» **TASK REQUIREMENTS**
Precise copying is required. Return the data below in full.

■ ■ ■ ■ ■ ■ ■

(* Let $M\subset\mathbf{R}^d$ be a smooth closed hypersurface bounding a compact convex domain with all principal curvatures positive, let $G:M\to\mathbf{S}^{d-1}$ be its Gauss map (outer unit normal) and $h(n)=\langle G^{-1}(n),n\rangle$ its support function. Represent each oriented line uniquely as $\{m+tn:t\in\mathbf{R}\}$ with $n\in\mathbf{S}^{d-1}$ and $m\perp n$, i.e. as $(m,n)\in T^*\mathbf{S}^{d-1}$ (identifying $T_n\mathbf{S}^{d-1}$ with $T_n^*\mathbf{S}^{d-1}$ via the Euclidean inner product). Define $F:\mathbf{S}^{d-1}\times\mathbf{S}^{d-1}\setminus\Delta\to\mathbf{R}$ by $$F(n_1,n_2)=\left\langle G^{-1}\!\left(\frac{n_1-n_2}{|n_1-n_2|}\right),\,n_1-n_2\right\rangle=h\!\left(\frac{n_1-n_2}{|n_1-n_2|}\right)|n_1-n_2|.$$ Then the billiard ball map $T$ inside $M$ satisfies $$T(m_1,n_1)=(m_2,n_2)\iff m_1=D_1F(n_1,n_2),\quad m_2=-D_2F(n_1,n_2),$$ where $D_iF$ is the differential of $F$ in the $i$-th variable. Moreover, the twist condition holds: the mixed second differentials $D_{12}=D_1\circ D_2: T_{n_1}\mathbf{S}^{d-1}\to T^*_{n_2}\mathbf{S}^{d-1}$ and $D_{21}=D_2\circ D_1:T_{n_2}\mathbf{S}^{d-1}\to T^*_{n_1}\mathbf{S}^{d-1}$ of $F$ are isomorphisms.
   Context: The billiard ball map $T$ acts on oriented lines meeting $M$: an oriented line is reflected at its exit point from the convex domain according to the law of reflection in $M$, producing the next oriented line. $\Delta$ denotes the diagonal $\{n_1=n_2\}$. *)

theory Defs
  imports "HOL-Analysis.Analysis"
begin

coinductive smooth_on :: "'a::euclidean_space set \<Rightarrow> ('a \<Rightarrow> real) \<Rightarrow> bool" for U where
  "(\<exists>Df. (\<forall>x\<in>U. (f has_derivative Df x) (at x)) \<and> (\<forall>v. smooth_on U (\<lambda>x. Df x v)))
     \<Longrightarrow> smooth_on U f"

definition gradient :: "('a::euclidean_space \<Rightarrow> real) \<Rightarrow> 'a \<Rightarrow> 'a" where
  "gradient f x = (\<Sum>b\<in>Basis. frechet_derivative f (at x) b *\<^sub>R b)"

■ ■ ■ ■ ■ ■ ■

» **RESPONSE FOR THIS EXERCISE**
(* Let $M\subset\mathbf{R}^d$ be a smooth closed hypersurface bounding a compact convex domain with all principal curvatures positive, let $G:M\to\mathbf{S}^{d-1}$ be its Gauss map (outer unit normal) and $h(n)=\langle G^{-1}(n),n\rangle$ its support function. Represent each oriented line uniquely as $\{m+tn:t\in\mathbf{R}\}$ with $n\in\mathbf{S}^{d-1}$ and $m\perp n$, i.e. as $(m,n)\in T^*\mathbf{S}^{d-1}$ (identifying $T_n\mathbf{S}^{d-1}$ with $T_n^*\mathbf{S}^{d-1}$ via the Euclidean inner product). Define $F:\mathbf{S}^{d-1}\times\mathbf{S}^{d-1}\setminus\Delta\to\mathbf{R}$ by $$F(n_1,n_2)=\left\langle G^{-1}\!\left(\frac{n_1-n_2}{|n_1-n_2|}\right),\,n_1-n_2\right\rangle=h\!\left(\frac{n_1-n_2}{|n_1-n_2|}\right)|n_1-n_2|.$$ Then the billiard ball map $T$ inside $M$ satisfies $$T(m_1,n_1)=(m_2,n_2)\iff m_1=D_1F(n_1,n_2),\quad m_2=-D_2F(n_1,n_2),$$ where $D_iF$ is the differential of $F$ in the $i$-th variable. Moreover, the twist condition holds: the mixed second differentials $D_{12}=D_1\circ D_2: T_{n_1}\mathbf{S}^{d-1}\to T^*_{n_2}\mathbf{S}^{d-1}$ and $D_{21}=D_2\circ D_1:T_{n_2}\mathbf{S}^{d-1}\to T^*_{n_1}\mathbf{S}^{d-1}$ of $F$ are isomorphisms.
   Context: The billiard ball map $T$ acts on oriented lines meeting $M$: an oriented line is reflected at its exit point from the convex domain according to the law of reflection in $M$, producing the next oriented line. $\Delta$ denotes the diagonal $\{n_1=n_2\}$. *)

theory Defs
  imports "HOL-Analysis.Analysis"
begin

coinductive smooth_on :: "'a::euclidean_space set \<Rightarrow> ('a \<Rightarrow> real) \<Rightarrow> bool" for U where
  "(\<exists>Df. (\<forall>x\<in>U. (f has_derivative Df x) (at x)) \<and> (\<forall>v. smooth_on U (\<lambda>x. Df x v)))
     \<Longrightarrow> smooth_on U f"

definition gradient :: "('a::euclidean_space \<Rightarrow> real) \<Rightarrow> 'a \<Rightarrow> 'a" where
  "gradient f x = (\<Sum>b\<in>Basis. frechet_derivative f (at x) b *\<^sub>R b)"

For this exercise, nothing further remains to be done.